I love regional festivals, and they hold a special place in my heart: the very first festival I took part in as a writer was one (sadly now defunct) in Albany, where I discussed my debut novel, The Sinkings. The historic murder that is at the centre of Little Jock’s story in The Sinkings took place at a lonely campsite near Albany, and one of the thrills of my writing life was when several Albany residents introduced themselves to me at the festival as descendants of the real people who feature in the novel.
The York Festival—a diverse, family-friendly multi-arts festival held in the historic town of York—has been running for many years. But this year its program includes a one-day writers festival, curated by the wonderful William Yeoman and featuring some fabulous Western Australian writers—many of them introducing new books.
The writers festival, to be held on Saturday 2 October, is divided into several sets:
The Fiction Set: Skyglow by Leslie Thiele, Wherever You Go by Monique Mulligan and Locust Summer by David Allan-Petale, with a discussion on Truth in Fiction
The Crime Set: The River Mouth by Karen Herbert and Death Leaves the Station by Alexander Thorpe, and a panel on Criminal Speculations
The Non-Fiction Set: Isolation by Stephen Scourfield and Many Maps by Bill and Jenny Bunbury, with what sounds like a fascinating conversation entitled Westralia Triumphant?
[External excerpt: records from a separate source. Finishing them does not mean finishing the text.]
(* For every $m\in\mathbb{N}$ and $\boldsymbol{X}\in\mathbb{N}^m$, $$\frac{\|\widehat{\boldsymbol{\mu}}_m\|_{1/2}^{1/2}}{\sqrt{2\pi m}}-\frac32\sqrt{\frac1{2\pi}}\frac{1}{m^{3/2}}N(\widehat{\boldsymbol{\mu}}_m)\le\hat{\mathfrak{R}}_m(\boldsymbol{X})\le\frac{\|\widehat{\boldsymbol{\mu}}_m\|_{1/2}^{1/2}}{\sqrt{2\pi m}}+\sqrt{\frac1{2\pi}}\frac{1}{m^{3/2}}N(\widehat{\boldsymbol{\mu}}_m),$$ where $N(\widehat{\boldsymbol{\mu}}_m):=\sum_{x\in\mathbb{N}:\,\widehat{\boldsymbol{\mu}}_m(x)>0}\widehat{\boldsymbol{\mu}}_m(x)^{-1/2}$.
   Context: $\widehat{\boldsymbol{\mu}}_m(i)=\frac1m\sum_{t=1}^m\mathbb{I}\{X_t=i\}$. $\|\boldsymbol{\mu}\|_{1/2}=(\sum_i\sqrt{\boldsymbol{\mu}(i)})^2$. $\hat{\mathfrak{R}}_m(\boldsymbol{X})=\mathbb{E}_{\boldsymbol{\sigma}}\big[\sup_{f:\mathbb{N}\to\{0,1\}}\frac1m\sum_{t=1}^m\sigma_tf(X_t)\big]$ with $\boldsymbol{\sigma}$ uniform on $\{-1,1\}^m$. *)

theory Defs
  imports "HOL-Analysis.Analysis"
begin

text \<open>Sample X = (X 1, ..., X m) of natural numbers, encoded as X :: nat => nat
  on indices 1..m.\<close>

definition emp_dist :: "nat \<Rightarrow> (nat \<Rightarrow> nat) \<Rightarrow> nat \<Rightarrow> real" where
  "emp_dist m X i = (\<Sum>t=1..m. (if X t = i then 1 else 0)) / real m"

definition half_norm :: "(nat \<Rightarrow> real) \<Rightarrow> real" where
  "half_norm mu = (\<Sum>i\<in>{i. 0 < mu i}. sqrt (mu i))\<^sup>2"

definition Nfun :: "(nat \<Rightarrow> real) \<Rightarrow> real" where
  "Nfun mu = (\<Sum>x\<in>{x. 0 < mu x}. mu x powr (-1/2))"

text \<open>Empirical Rademacher complexity of the class of all f : N -> {0,1};
  the expectation over sigma uniform on {-1,1}^m is the average over all
  sign vectors indexed by 1..m.\<close>
definition emp_rademacher :: "nat \<Rightarrow> (nat \<Rightarrow> nat) \<Rightarrow> real" where
  "emp_rademacher m X =
     (\<Sum>\<sigma>\<in>({1..m} \<rightarrow>\<^sub>E {-1::real, 1}).
        (SUP f\<in>{f::nat \<Rightarrow> real. \<forall>x. f x \<in> {0,1}}.
           (1 / real m) * (\<Sum>t=1..m. \<sigma> t * f (X t)))) / 2 ^ m"

end

theory Submission
  imports Defs "HOL-Real_Asymp.Real_Asymp"
begin

(* For a fixed sign vector, the supremum over binary f is attained by the indicator of the values i
   whose sign sum S_i = (sum of the signs at the positions t with X_t = i) is positive, so the
   empirical Rademacher complexity is (1/m) times the sum over the atoms i of E max(0, S_i) = E|S_i|/2.
   S_i is a sum of n_i = m mu(i) independent uniform signs, and E|S_n| = n c_k with
   c_k = binom(2k, k) / 4^k, k = n div 2.  Wallis' product squeezes 2/(pi (2k+1)) <= c_k^2 <= 1/(pi k),
   which gives sqrt n - 1/(2 sqrt n) <= sqrt(pi/2) E|S_n| <= sqrt n + 1/sqrt n; summing these
   bounds over the atoms gives the theorem. *)

definition central_binom_ratio :: "nat \<Rightarrow> real" where
  "central_binom_ratio k = real ((2 * k) choose k) / 4 ^ k"

lemma central_binom_ratio_Suc:
  "central_binom_ratio (Suc k) = central_binom_ratio k * (2 * real k + 1) / (2 * real k + 2)"
proof -
  have "Suc k * (2 * Suc k choose Suc k) = Suc k * (2 * (Suc (2 * k) choose k))"
    using Suc_times_binomial[of k "Suc (2 * k)"] by (simp del: binomial_Suc_Suc)
  then have absorb: "2 * Suc k choose Suc k = 2 * (Suc (2 * k) choose k)"
    by (metis Zero_not_Suc mult_left_cancel)
  have "Suc k * (Suc (2 * k) choose k) = Suc (2 * k) * (2 * k choose k)"
    using Suc_times_binomial_eq[of "2 * k" k] binomial_symmetric[of k "Suc (2 * k)"]
    by (simp del: binomial_Suc_Suc)
  from arg_cong[where f = real, OF this]
  have "real (2 * Suc k choose Suc k) * (2 * real k + 2) = 4 * real (2 * k choose k) * (2 * real k + 1)"
    unfolding absorb by (simp add: algebra_simps del: binomial_Suc_Suc)
  \<comment> \<open>Over atoms a, q, field_simps need not see that a polynomial in k is nonzero.\<close>
  moreover have "x / (4 * q) = c / q * b / a" if "x * a = 4 * c * b" "a \<noteq> 0" "q \<noteq> 0"
    for x c a b q :: real
    using that by (simp add: field_simps)
  ultimately show ?thesis
    unfolding central_binom_ratio_def by simp
qed

lemma central_binom_ratio_sq_wallis:
  "central_binom_ratio k ^ 2 * (2 * real k + 1) * (\<Prod>j=1..k. 4 * real j ^ 2 / (4 * real j ^ 2 - 1)) = 1"
proof (induction k)
  case 0
  then show ?case by (simp add: central_binom_ratio_def)
next
  case (Suc k)
  define P where "P = (\<Prod>j=1..k. 4 * real j ^ 2 / (4 * real j ^ 2 - 1))"
  define c where "c = central_binom_ratio k"
  define x where "x = real k"
  have x: "x \<ge> 0" unfolding x_def by simp
  have cancel: "(c * a / b) ^ 2 * d * (b ^ 2 / (a * d) * P) = c ^ 2 * a * P"
    if "a \<noteq> 0" "b \<noteq> 0" "d \<noteq> 0" for a b d :: real
    using that by (simp add: field_simps power2_eq_square)
  have "(\<Prod>j=1..Suc k. 4 * real j ^ 2 / (4 * real j ^ 2 - 1))
      = (2 * x + 2) ^ 2 / ((2 * x + 1) * (2 * x + 3)) * P"
    unfolding P_def x_def by (subst prod.nat_ivl_Suc') (simp_all add: algebra_simps power2_eq_square)
  moreover have "central_binom_ratio (Suc k) = c * (2 * x + 1) / (2 * x + 2)"
    "2 * real (Suc k) + 1 = 2 * x + 3"
    unfolding c_def x_def by (simp_all add: central_binom_ratio_Suc)
  ultimately have "central_binom_ratio (Suc k) ^ 2 * (2 * real (Suc k) + 1)
      * (\<Prod>j=1..Suc k. 4 * real j ^ 2 / (4 * real j ^ 2 - 1))
      = (c * (2 * x + 1) / (2 * x + 2)) ^ 2 * (2 * x + 3) * ((2 * x + 2) ^ 2 / ((2 * x + 1) * (2 * x + 3)) * P)"
    by (simp only:)
  also have "\<dots> = c ^ 2 * (2 * x + 1) * P"
    using x by (intro cancel) simp_all
  also have "\<dots> = 1"
    using Suc by (simp add: P_def c_def x_def)
  finally show ?case .
qed

lemma tendsto_central_binom_ratio_sq:
  "(\<lambda>k. central_binom_ratio k ^ 2 * (2 * real k + 1)) \<longlonglongrightarrow> 2 / pi"
proof -
  have "(\<lambda>k. inverse (\<Prod>j=1..k. 4 * real j ^ 2 / (4 * real j ^ 2 - 1))) \<longlonglongrightarrow> inverse (pi / 2)"
    by (intro tendsto_inverse wallis) simp
  moreover have "inverse (\<Prod>j=1..k. 4 * real j ^ 2 / (4 * real j ^ 2 - 1))
      = central_binom_ratio k ^ 2 * (2 * real k + 1)" for k
    using central_binom_ratio_sq_wallis[of k] by (intro inverse_unique) (simp add: mult.commute)
  ultimately show ?thesis by simp
qed

lemma decseq_central_binom_ratio_sq: "decseq (\<lambda>k. central_binom_ratio k ^ 2 * (2 * real k + 1))"
proof (rule decseq_SucI)
  fix k
  define c where "c = central_binom_ratio k"
  define x where "x = real k"
  have x: "x \<ge> 0" unfolding x_def by simp
  have "central_binom_ratio (Suc k) = c * (2 * x + 1) / (2 * x + 2)"
    "2 * real (Suc k) + 1 = 2 * x + 3"
    unfolding c_def x_def by (simp_all add: central_binom_ratio_Suc)
  then have "central_binom_ratio (Suc k) ^ 2 * (2 * real (Suc k) + 1)
      = (c * (2 * x + 1) / (2 * x + 2)) ^ 2 * (2 * x + 3)"
    by (simp only:)
  also have "\<dots> = c ^ 2 * (2 * x + 1) * ((2 * x + 1) * (2 * x + 3) / (2 * x + 2) ^ 2)"
    by (simp add: power_divide power_mult_distrib power2_eq_square)
  also have "\<dots> \<le> c ^ 2 * (2 * x + 1) * 1"
  proof (rule mult_left_mono)
    have "(2 * x + 1) * (2 * x + 3) \<le> (2 * x + 2) ^ 2"
      by (simp add: power2_eq_square algebra_simps)
    then show "(2 * x + 1) * (2 * x + 3) / (2 * x + 2) ^ 2 \<le> 1"
      using x by (subst divide_le_eq_1_pos) auto
  qed (use x in simp)
  finally show "central_binom_ratio (Suc k) ^ 2 * (2 * real (Suc k) + 1)
      \<le> central_binom_ratio k ^ 2 * (2 * real k + 1)"
    by (simp add: c_def x_def)
qed

lemma incseq_central_binom_ratio_sq: "incseq (\<lambda>k. central_binom_ratio k ^ 2 * (2 * real k))"
proof (rule incseq_SucI)
  fix k
  define c where "c = central_binom_ratio k"
  define x where "x = real k"
  have x: "x \<ge> 0" unfolding x_def by simp
  have "2 * x \<le> (2 * x + 1) ^ 2 / (2 * x + 2)"
    using x by (subst pos_le_divide_eq) (auto simp: power2_eq_square algebra_simps)
  then have "c ^ 2 * (2 * x) \<le> c ^ 2 * ((2 * x + 1) ^ 2 / (2 * x + 2))"
    by (rule mult_left_mono) simp
  also have "\<dots> = (c * (2 * x + 1) / (2 * x + 2)) ^ 2 * (2 * x + 2)"
    using x by (simp add: power_divide power_mult_distrib power2_eq_square)
  also have "central_binom_ratio (Suc k) = c * (2 * x + 1) / (2 * x + 2)"
    "2 * real (Suc k) = 2 * x + 2"
    unfolding c_def x_def by (simp_all add: central_binom_ratio_Suc)
  then have "(c * (2 * x + 1) / (2 * x + 2)) ^ 2 * (2 * x + 2)
      = central_binom_ratio (Suc k) ^ 2 * (2 * real (Suc k))"
    by (simp only:)
  finally show "central_binom_ratio k ^ 2 * (2 * real k)
      \<le> central_binom_ratio (Suc k) ^ 2 * (2 * real (Suc k))"
    by (simp add: c_def x_def)
qed

lemma central_binom_ratio_sq_lower: "2 \<le> pi * (2 * real k + 1) * central_binom_ratio k ^ 2"
proof -
  have "2 / pi \<le> central_binom_ratio k ^ 2 * (2 * real k + 1)"
    using decseq_ge[OF decseq_central_binom_ratio_sq tendsto_central_binom_ratio_sq] by simp
  then show ?thesis
    by (simp add: divide_le_eq mult_ac)
qed

lemma central_binom_ratio_sq_upper: "pi * real k * central_binom_ratio k ^ 2 \<le> 1"
proof -
  have "(\<lambda>k. central_binom_ratio k ^ 2 * (2 * real k + 1) * (2 * real k / (2 * real k + 1)))
      \<longlonglongrightarrow> 2 / pi * 1"
    by (intro tendsto_mult tendsto_central_binom_ratio_sq) real_asymp
  moreover have "central_binom_ratio k ^ 2 * (2 * real k + 1) * (2 * real k / (2 * real k + 1))
      = central_binom_ratio k ^ 2 * (2 * real k)" for k
    by (simp add: field_simps)
  ultimately have "(\<lambda>k. central_binom_ratio k ^ 2 * (2 * real k)) \<longlonglongrightarrow> 2 / pi"
    by simp
  then have "central_binom_ratio k ^ 2 * (2 * real k) \<le> 2 / pi"
    using incseq_le[OF incseq_central_binom_ratio_sq] by simp
  then show ?thesis
    by (simp add: le_divide_eq mult_ac)
qed

(* The sum of g (sigma_1 + ... + sigma_n) over all 2^n sign vectors; j counts the entries +1. *)
definition walk_sum :: "nat \<Rightarrow> (int \<Rightarrow> real) \<Rightarrow> real" where
  "walk_sum n g = (\<Sum>j\<le>n. real (n choose j) * g (2 * int j - int n))"

lemma walk_sum_Suc: "walk_sum (Suc n) g = walk_sum n (\<lambda>x. g (x + 1)) + walk_sum n (\<lambda>x. g (x - 1))"
proof -
  have "walk_sum (Suc n) g = (\<Sum>j\<le>Suc n. real (Suc n choose j) * g (2 * int j - int n - 1))"
    unfolding walk_sum_def by (simp add: algebra_simps)
  also have "\<dots> = g (- int n - 1) + (\<Sum>j\<le>n. real (n choose j) * g (2 * int j - int n + 1))
      + (\<Sum>j\<le>n. real (n choose Suc j) * g (2 * int (Suc j) - int n - 1))"
    by (subst sum.atMost_Suc_shift) (simp add: sum.distrib algebra_simps)
  also have "(\<Sum>j\<le>n. real (n choose Suc j) * g (2 * int (Suc j) - int n - 1))
      = (\<Sum>j\<le>Suc n. real (n choose j) * g (2 * int j - int n - 1)) - g (- int n - 1)"
    using sum.atMost_Suc_shift[of "\<lambda>j. real (n choose j) * g (2 * int j - int n - 1)" n] by simp
  also have "(\<Sum>j\<le>Suc n. real (n choose j) * g (2 * int j - int n - 1))
      = (\<Sum>j\<le>n. real (n choose j) * g (2 * int j - int n - 1))"
    by (simp add: sum.atMost_Suc)
  finally show ?thesis
    unfolding walk_sum_def by (simp add: algebra_simps)
qed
The Children’s Set: Beneath the Trees by Cristy Burne, The Wrecker’s Curse by Norman Jorgensen and Where Do Stars Go? by Katie Stewart, and a panel on Writing for Children
The Poetry Set: John Kinsella, Caitlin Maling, Fr Robert Nixon and Rose van Son, and a discussion on Wordmusic
There’s also a Long Table Breakfast, featuring Stephen Scourfield and Will Yeoman, with proceeds going to the local River Conservation Society.
Details and bookings here (check the ‘Writers’ box).
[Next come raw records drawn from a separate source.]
lemma card_rl_trees_decompose:
  assumes "a \<le> b"
  shows "card (rl_trees {a..b}) =
    card (rl_roots {Suc a..b}) + (\<Sum>m\<in>{a..<b}. card (rl_trees {a..m}) * card (rl_roots {Suc m..b}))"
proof -
  define root where "root = (\<lambda>(L, cs). Node (insert a L) cs)"
  define child where "child = (\<lambda>(c :: rwtree, L :: nat set, cs). Node L (add_mset c cs))"
  define U where "U = (\<Union>m\<in>{a..<b}. rl_trees {a..m} \<times> rl_roots {Suc m..b})"
  have root_labels: "a \<notin> L" if "(L, cs) \<in> rl_roots {Suc m..b}" "a \<le> m" for L cs m
  proof -
    have "L \<subseteq> {Suc m..b}" using that(1) unfolding rl_roots_def node_labels_def by blast
    with that(2) show ?thesis by auto
  qed
  have "inj_on root (rl_roots {Suc a..b})"
    using root_labels[of _ _ a] by (auto simp: inj_on_def root_def insert_ident)
  then have card_root: "card (root ` rl_roots {Suc a..b}) = card (rl_roots {Suc a..b})"
    by (rule card_image)
  have "inj_on child U"
  proof (rule inj_onI)
    fix u v assume "u \<in> U" "v \<in> U" "child u = child v"
    then obtain c L cs m c' L' cs' m' where u: "u = (c, L, cs)" and v: "v = (c', L', cs')"
      and "c \<in> rl_trees {a..m}" "a \<le> m" "(L', cs') \<in> rl_roots {Suc m'..b}" "a \<le> m'"
      and eq: "L = L'" "add_mset c cs = add_mset c' cs'"
      by (auto simp: U_def child_def)
    then have "c = c'" by (intro min_child_unique[of c cs c' cs' a L' m' b]) (auto simp: rl_trees_def)
    with eq show "u = v" by (simp add: u v)
  qed
  then have card_child: "card (child ` U) = card U" by (rule card_image)
  have card_U: "card U = (\<Sum>m\<in>{a..<b}. card (rl_trees {a..m}) * card (rl_roots {Suc m..b}))"
    unfolding U_def
  proof (subst card_UN_disjoint)
    show "\<forall>m\<in>{a..<b}. \<forall>m'\<in>{a..<b}. m \<noteq> m' \<longrightarrow>
        (rl_trees {a..m} \<times> rl_roots {Suc m..b}) \<inter> (rl_trees {a..m'} \<times> rl_roots {Suc m'..b}) = {}"
      by (auto simp: rl_trees_def)
  qed (simp_all add: finite_rl_trees finite_rl_roots card_cartesian_product)
  have disjoint: "root ` rl_roots {Suc a..b} \<inter> child ` U = {}"
    using root_labels by (fastforce simp: root_def child_def U_def)
  have decompose: "rl_trees {a..b} = root ` rl_roots {Suc a..b} \<union> child ` U"
    unfolding root_def child_def U_def by (rule rl_trees_decompose[OF assms])
  have "finite (root ` rl_roots {Suc a..b})" "finite (child ` U)"
    by (simp_all add: U_def finite_rl_roots finite_rl_trees)
  with disjoint card_root card_child card_U show ?thesis
    by (simp add: decompose card_Un_disjoint)
qed

section \<open>The generating function\<close>

lemma card_rl_roots_interval: "card (rl_roots {Suc m..n}) = 2 * r (n - m) + (if n \<le> m then 1 else 0)"
  using card_rl_roots(2)[OF finite_rl_trees, of "Suc m" n] by (simp add: card_rl_trees_interval)

lemma r_Suc:
  "r (Suc k) = (if k = 0 then 1 else 0) + 2 * r k + 2 * (\<Sum>m\<in>{1..<Suc k}. r m * r (Suc k - m))"
proof -
  have "r (Suc k) = card (rl_roots {Suc 1..Suc k}) +
      (\<Sum>m\<in>{1..<Suc k}. card (rl_trees {1..m}) * card (rl_roots {Suc m..Suc k}))"
    unfolding r_eq_card by (rule card_rl_trees_decompose) simp
  also have "\<dots> = (if k = 0 then 1 else 0) + 2 * r k + (\<Sum>m\<in>{1..<Suc k}. r m * (2 * r (Suc k - m)))"
    by (auto simp: card_rl_roots_interval r_eq_card intro!: sum.cong)
  finally show ?thesis by (simp add: sum_distrib_left mult.left_commute)
qed

unbundle fps_syntax

lemma fps_mult_nth_no_constant:
  fixes f g :: "'a::comm_semiring_1 fps"
  assumes "f $ 0 = 0" and "g $ 0 = 0"
  shows "(f * g) $ n = (\<Sum>i\<in>{1..<n}. f $ i * g $ (n - i))"
proof -
  have "(f * g) $ n = (\<Sum>i\<in>{0..n}. f $ i * g $ (n - i))" by (rule fps_mult_nth)
  also have "\<dots> = (\<Sum>i\<in>{1..<n}. f $ i * g $ (n - i))"
    using assms by (intro sum.mono_neutral_right) (auto simp: Suc_le_eq)
  finally show ?thesis .
qed

theorem mainTheorem7:
  fixes F :: "int fps"
  assumes "F = Abs_fps (\<lambda>n. if n = 0 then 0 else int (r n))"
  shows "F = fps_X + 2 * fps_X * F + 2 * F ^ 2"
proof (rule fps_ext)
  fix n
  have F: "F $ k = int (r k)" for k
    using assms by (simp add: r_0)
  show "F $ n = (fps_X + 2 * fps_X * F + 2 * F ^ 2) $ n"
  proof (cases n)
    case (Suc k)
    have "(F ^ 2) $ n = (\<Sum>m\<in>{1..<Suc k}. int (r m) * int (r (Suc k - m)))"
      by (simp add: power2_eq_square fps_mult_nth_no_constant F r_0 Suc)
    then show ?thesis
      by (simp add: Suc F r_0 r_Suc fps_numeral_fps_const mult.assoc sum_distrib_left)
  qed (simp add: F r_0)
qed

end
I’m thrilled to be taking part in the festival, chairing sessions with Monique Mulligan (10.30am), Cristy Burne (11.30am) and Rose van Son (4.30pm). In this episode of the festival’s Pod Fiction podcast, Will Yeoman and I talk about these sessions and the festival in general.
York, situated on Ballardong Nyoongar land, is 98 kilometres east of Perth—a short drive for Perth residents. It is the oldest inland town in the state (established 1835), and really worth visiting, with its heritage buildings and vibrant arts scene.
I’d love to see you there.
4 responses to “Something new—the York Writers Festival…”
#Humming: wouldn’t it be luvverly…
Ah, sorry, Lisa. It does seem incredible that we’re able (for now, anyway) to do this while so much of the country is locked down. We don’t take our luck for granted.
Victoria has not forgotten the way your premier came out fighting on our behalf last year. When NSW was sledging and Qld was smirking and federal ministers (who now say that lockdowns are the only way) criticised our premier day in and day out, WA was balm to our bruised souls.
I am hoping that I will be able to come to the launch of Nathan Hobby’s bio of Katharine Susannah Prichard next year, and I shall happily spend my tourist dollars in a state that cares for its citizens the way that it should.
That will indeed be a special occasion, and I hope you’re able to be there!